(* Let $d\ge 1$ and let $J$ be a positive semi-definite $d^2\times d^2$ complex matrix. Write $d\cdot J$ in block form with $d\times d$ blocks, $d\cdot J=[M^{ij}]_{i,j=1}^d$, and let $D^i=M^{ii}$ ($i=1,\dots,d$) be its diagonal blocks. Then $$\frac{1}{d}\sum_{i=1}^d\boldsymbol{\lambda}(D^i)\succ\boldsymbol{\lambda}(J),$$ where each vector $\boldsymbol{\lambda}(D^i)\in\mathbb{R}^d$ is padded with $d(d-1)$ zeros to have length $d^2$.
   Context: For a Hermitian matrix $X$, $\boldsymbol{\lambda}(X)$ denotes the vector of eigenvalues of $X$ arranged in non-increasing order. For real vectors $x,y$ of the same length $n$, $x\succ y$ ($x$ majorizes $y$) means $\sum_{i=1}^k x_i^\downarrow\ge\sum_{i=1}^k y_i^\downarrow$ for all $k\in\{1,\dots,n\}$, where $x^\downarrow$ is the rearrangement of $x$ in non-increasing order. *)

theory Defs
  imports "Jordan_Normal_Form.Schur_Decomposition" "Jordan_Normal_Form.Char_Poly"
begin

definition psd_mat :: "complex mat \<Rightarrow> bool" where
  "psd_mat A \<longleftrightarrow> A \<in> carrier_mat (dim_row A) (dim_row A) \<and> mat_adjoint A = A \<and>
     (\<forall>v \<in> carrier_vec (dim_row A). 0 \<le> Re (conjugate v \<bullet> (A *\<^sub>v v)))"

definition eigvals :: "complex mat \<Rightarrow> real list" where
  "eigvals A = (THE xs. sorted_wrt (\<ge>) xs \<and>
      char_poly A = (\<Prod>x\<leftarrow>xs. [:- complex_of_real x, 1:]))"

definition majorizes :: "real list \<Rightarrow> real list \<Rightarrow> bool" where
  "majorizes x y \<longleftrightarrow> length x = length y \<and>
     (\<forall>k \<in> {1..length x}. sum_list (take k (rev (sort y))) \<le> sum_list (take k (rev (sort x))))"

definition diag_block :: "nat \<Rightarrow> 'a mat \<Rightarrow> nat \<Rightarrow> 'a mat" where
  "diag_block d A i = mat d d (\<lambda>(r, c). A $$ (i * d + r, i * d + c))"

end

(* Write J = sum_m mu_m w_m w_m^* with an orthonormal eigenbasis (w_m) and eigenvalues
   mu_1 >= mu_2 >= ... >= 0, and let x_(m,i) be the i-th block of w_m. The i-th diagonal block of
   d J is then a sum of positive rank-one matrices, D^i = sum_m d mu_m x_(m,i) x_(m,i)^*.
   For such sums a Ky Fan type bound holds: sum_(m<k) d mu_m |x_(m,i)|^2 is at most the sum of the
   k largest eigenvalues of D^i. Indeed, in an orthonormal eigenbasis (e_a) of D^i the rows
   beta_a = (sqrt (d mu_m) <x_(m,i), e_a>)_m are orthogonal with |beta_a|^2 = lambda_a(D^i), so every
   column satisfies sum_a |beta_(a,m)|^2 / lambda_a <= 1, and a rearrangement argument finishes.
   Since sum_i |x_(m,i)|^2 = |w_m|^2 = 1, averaging these bounds over i gives
   sum_(m<k) mu_m <= sum_(a<k) (1/d) sum_i lambda_a(D^i), which are the partial-sum inequalities
   of the majorization. *)

theory Submission
  imports Defs "Jordan_Normal_Form.Spectral_Radius" "Berlekamp_Zassenhaus.Mahler_Measure"
begin

lemma cscalar_prod_eq_sum: "dim_vec y = n \<Longrightarrow> x \<bullet>c y = (\<Sum>i<n. x $ i * cnj (y $ i))"
  unfolding scalar_prod_def by (auto simp: atLeast0LessThan intro!: sum.cong)

lemma row_scalar_prod_eq_sum:
  assumes "A \<in> carrier_mat n k" "i < n" "dim_vec x = k"
  shows "row A i \<bullet> x = (\<Sum>j<k. A $$ (i, j) * x $ j)"
  using assms by (auto simp: scalar_prod_def atLeast0LessThan intro!: sum.cong)

lemma mult_mat_vec_eq_sum:
  assumes "A \<in> carrier_mat n k" "i < n" "dim_vec x = k"
  shows "(A *\<^sub>v x) $ i = (\<Sum>j<k. A $$ (i, j) * x $ j)"
  using assms by (simp add: row_scalar_prod_eq_sum)

lemma index_mult_mat_eq_sum:
  assumes "X \<in> carrier_mat a b" "Y \<in> carrier_mat b c" "p < a" "q < c"
  shows "(X * Y) $$ (p, q) = (\<Sum>m<b. X $$ (p, m) * Y $$ (m, q))"
  using assms by (auto simp: scalar_prod_def atLeast0LessThan intro!: sum.cong)

lemma mat_adjoint_dim [simp]:
  "dim_row (mat_adjoint A) = dim_col A" "dim_col (mat_adjoint A) = dim_row A"
  unfolding mat_adjoint_def by simp_all

lemma mat_adjoint_carrier: "A \<in> carrier_mat n k \<Longrightarrow> mat_adjoint A \<in> carrier_mat k n"
  unfolding carrier_mat_def by simp

lemma index_mat_adjoint [simp]:
  "i < dim_col A \<Longrightarrow> j < dim_row A \<Longrightarrow> mat_adjoint (A :: complex mat) $$ (i, j) = cnj (A $$ (j, i))"
  unfolding mat_adjoint_def mat_of_rows_def by simp

lemma cnj_cscalar_prod:
  "dim_vec (x :: complex vec) = dim_vec y \<Longrightarrow> cnj (x \<bullet>c y) = y \<bullet>c x"
  by (simp add: cscalar_prod_eq_sum mult.commute)

lemma cscalar_prod_mat_adjoint:
  assumes M: "M \<in> carrier_mat n k" and x: "dim_vec (x :: complex vec) = k" and y: "dim_vec y = n"
  shows "(M *\<^sub>v x) \<bullet>c y = x \<bullet>c (mat_adjoint M *\<^sub>v y)"
proof -
  have "(M *\<^sub>v x) \<bullet>c y = (\<Sum>i<n. (\<Sum>j<k. M $$ (i, j) * x $ j) * cnj (y $ i))"
    unfolding cscalar_prod_eq_sum[OF y] by (intro sum.cong refl) (simp add: mult_mat_vec_eq_sum[OF M _ x])
  also have "\<dots> = (\<Sum>i<n. \<Sum>j<k. x $ j * cnj (cnj (M $$ (i, j)) * y $ i))"
    by (simp add: sum_distrib_left sum_distrib_right mult_ac)
  also have "\<dots> = (\<Sum>j<k. x $ j * cnj (\<Sum>i<n. cnj (M $$ (i, j)) * y $ i))"
    by (subst sum.swap) (simp add: sum_distrib_left)
  also have "\<dots> = (\<Sum>j<k. x $ j * cnj ((mat_adjoint M *\<^sub>v y) $ j))"
    using M y by (intro sum.cong refl) (simp add: row_scalar_prod_eq_sum[OF mat_adjoint_carrier[OF M]])
  also have "\<dots> = x \<bullet>c (mat_adjoint M *\<^sub>v y)"
    using M by (simp add: cscalar_prod_eq_sum)
  finally show ?thesis .
qed

lemma cscalar_prod_hermitian:
  assumes "A \<in> carrier_mat n n" "mat_adjoint A = A" "dim_vec (x :: complex vec) = n" "dim_vec y = n"
  shows "(A *\<^sub>v x) \<bullet>c y = x \<bullet>c (A *\<^sub>v y)"
  using cscalar_prod_mat_adjoint[of A n n x y] assms by simp

lemma cscalar_prod_smult_left:
  "dim_vec (x :: complex vec) = dim_vec y \<Longrightarrow> (a \<cdot>\<^sub>v x) \<bullet>c y = a * (x \<bullet>c y)"
  by (simp add: cscalar_prod_eq_sum sum_distrib_left mult_ac)

lemma cscalar_prod_smult_right:
  "dim_vec (x :: complex vec) = dim_vec y \<Longrightarrow> x \<bullet>c (b \<cdot>\<^sub>v y) = cnj b * (x \<bullet>c y)"
  by (simp add: cscalar_prod_eq_sum sum_distrib_left mult_ac)

definition sq_norm_vec :: "complex vec \<Rightarrow> real" where
  "sq_norm_vec x = (\<Sum>i<dim_vec x. (cmod (x $ i))\<^sup>2)"

lemma cscalar_prod_self: "x \<bullet>c x = complex_of_real (sq_norm_vec x)"
  by (simp add: cscalar_prod_eq_sum sq_norm_vec_def complex_norm_square del: of_real_power)

definition orthonormal :: "nat \<Rightarrow> complex vec list \<Rightarrow> bool" where
  "orthonormal n ws \<longleftrightarrow> length ws = n \<and> (\<forall>i<n. ws ! i \<in> carrier_vec n) \<and>
     (\<forall>i<n. \<forall>j<n. ws ! i \<bullet>c ws ! j = (if i = j then 1 else 0))"

lemma orthonormalD:
  assumes "orthonormal n ws"
  shows "length ws = n" "i < n \<Longrightarrow> ws ! i \<in> carrier_vec n"
    "i < n \<Longrightarrow> j < n \<Longrightarrow> ws ! i \<bullet>c ws ! j = (if i = j then 1 else 0)"
  using assms unfolding orthonormal_def by auto

lemma orthonormal_mat_of_cols_carrier: "orthonormal n ws \<Longrightarrow> mat_of_cols n ws \<in> carrier_mat n n"
  by (metis orthonormalD(1) mat_of_cols_carrier(1))

lemma orthonormal_unitary:
  assumes ws: "orthonormal n ws"
  defines "W \<equiv> mat_of_cols n ws"
  shows "mat_adjoint W * W = 1\<^sub>m n" "W * mat_adjoint W = 1\<^sub>m n"
proof -
  have W: "W \<in> carrier_mat n n"
    unfolding W_def by (rule orthonormal_mat_of_cols_carrier[OF ws])
  show adj_W: "mat_adjoint W * W = 1\<^sub>m n"
  proof (rule eq_matI)
    fix i j assume "i < dim_row (1\<^sub>m n)" "j < dim_col (1\<^sub>m n)"
    then have i: "i < n" and j: "j < n" by auto
    have "(mat_adjoint W * W) $$ (i, j) = (\<Sum>k<n. mat_adjoint W $$ (i, k) * W $$ (k, j))"
      by (rule index_mult_mat_eq_sum[OF mat_adjoint_carrier[OF W] W i j])
    also have "\<dots> = (\<Sum>k<n. ws ! j $ k * cnj (ws ! i $ k))"
      using W i j orthonormalD(1)[OF ws]
      by (intro sum.cong refl) (simp add: W_def mat_of_cols_index mult.commute)
    also have "\<dots> = ws ! j \<bullet>c ws ! i"
      using orthonormalD(2)[OF ws i] by (simp add: cscalar_prod_eq_sum)
    finally show "(mat_adjoint W * W) $$ (i, j) = 1\<^sub>m n $$ (i, j)"
      using orthonormalD(3)[OF ws j i] i j by simp
  qed (use W in auto)
  show "W * mat_adjoint W = 1\<^sub>m n"
    by (rule mat_mult_left_right_inverse[OF mat_adjoint_carrier[OF W] W adj_W])
qed

lemma orthonormal_completeness:
  assumes ws: "orthonormal n ws" and "p < n" "q < n"
  shows "(\<Sum>m<n. ws ! m $ p * cnj (ws ! m $ q)) = (if p = q then 1 else 0)"
proof -
  define W where "W = mat_of_cols n ws"
  have W: "W \<in> carrier_mat n n"
    unfolding W_def by (rule orthonormal_mat_of_cols_carrier[OF ws])
  have "(W * mat_adjoint W) $$ (p, q) = (\<Sum>m<n. W $$ (p, m) * mat_adjoint W $$ (m, q))"
    by (rule index_mult_mat_eq_sum[OF W mat_adjoint_carrier[OF W] assms(2,3)])
  also have "\<dots> = (\<Sum>m<n. ws ! m $ p * cnj (ws ! m $ q))"
    using assms W orthonormalD(1)[OF ws]
    by (intro sum.cong refl) (simp add: W_def mat_of_cols_index)
  finally have "(\<Sum>m<n. ws ! m $ p * cnj (ws ! m $ q)) = (W * mat_adjoint W) $$ (p, q)" ..
  then show ?thesis
    using orthonormal_unitary(2)[OF ws] assms by (simp add: W_def)
qed

lemma unitary_cscalar_prod:
  fixes W :: "complex mat"
  assumes unitary: "mat_adjoint W * W = 1\<^sub>m n" and W: "W \<in> carrier_mat n n"
    and x: "dim_vec x = n" and y: "y \<in> carrier_vec n"
  shows "(W *\<^sub>v x) \<bullet>c (W *\<^sub>v y) = x \<bullet>c y"
proof -
  have "(W *\<^sub>v x) \<bullet>c (W *\<^sub>v y) = x \<bullet>c (mat_adjoint W *\<^sub>v (W *\<^sub>v y))"
    by (rule cscalar_prod_mat_adjoint[OF W x]) (use W in simp)
  also have "mat_adjoint W *\<^sub>v (W *\<^sub>v y) = (mat_adjoint W * W) *\<^sub>v y"
    by (rule assoc_mult_mat_vec[symmetric, OF mat_adjoint_carrier[OF W] W y])
  also have "\<dots> = y"
    unfolding unitary by (rule one_mult_mat_vec[OF y])
  finally show ?thesis .
qed

lemma orthonormal_map_unitary:
  assumes ys: "orthonormal n ys" and "mat_adjoint W * W = 1\<^sub>m n" "W \<in> carrier_mat n n"
  shows "orthonormal n (map ((*\<^sub>v) W) ys)"
  using orthonormalD[OF ys] assms unfolding orthonormal_def
  by (auto simp: unitary_cscalar_prod)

------------------------------------------------

Exercise -> Please copy, exactly as written, every line in the listing above from the line with "n ws \<Longrightarrow>" up to and including the line with "using orthonormalD(2)[OF ws".

Solution for this exercise ->
lemma orthonormal_mat_of_cols_carrier: "orthonormal n ws \<Longrightarrow> mat_of_cols n ws \<in> carrier_mat n n"
  by (metis orthonormalD(1) mat_of_cols_carrier(1))

lemma orthonormal_unitary:
  assumes ws: "orthonormal n ws"
  defines "W \<equiv> mat_of_cols n ws"
  shows "mat_adjoint W * W = 1\<^sub>m n" "W * mat_adjoint W = 1\<^sub>m n"
proof -
  have W: "W \<in> carrier_mat n n"
    unfolding W_def by (rule orthonormal_mat_of_cols_carrier[OF ws])
  show adj_W: "mat_adjoint W * W = 1\<^sub>m n"
  proof (rule eq_matI)
    fix i j assume "i < dim_row (1\<^sub>m n)" "j < dim_col (1\<^sub>m n)"
    then have i: "i < n" and j: "j < n" by auto
    have "(mat_adjoint W * W) $$ (i, j) = (\<Sum>k<n. mat_adjoint W $$ (i, k) * W $$ (k, j))"
      by (rule index_mult_mat_eq_sum[OF mat_adjoint_carrier[OF W] W i j])
    also have "\<dots> = (\<Sum>k<n. ws ! j $ k * cnj (ws ! i $ k))"
      using W i j orthonormalD(1)[OF ws]
      by (intro sum.cong refl) (simp add: W_def mat_of_cols_index mult.commute)
    also have "\<dots> = ws ! j \<bullet>c ws ! i"
      using orthonormalD(2)[OF ws i] by (simp add: cscalar_prod_eq_sum)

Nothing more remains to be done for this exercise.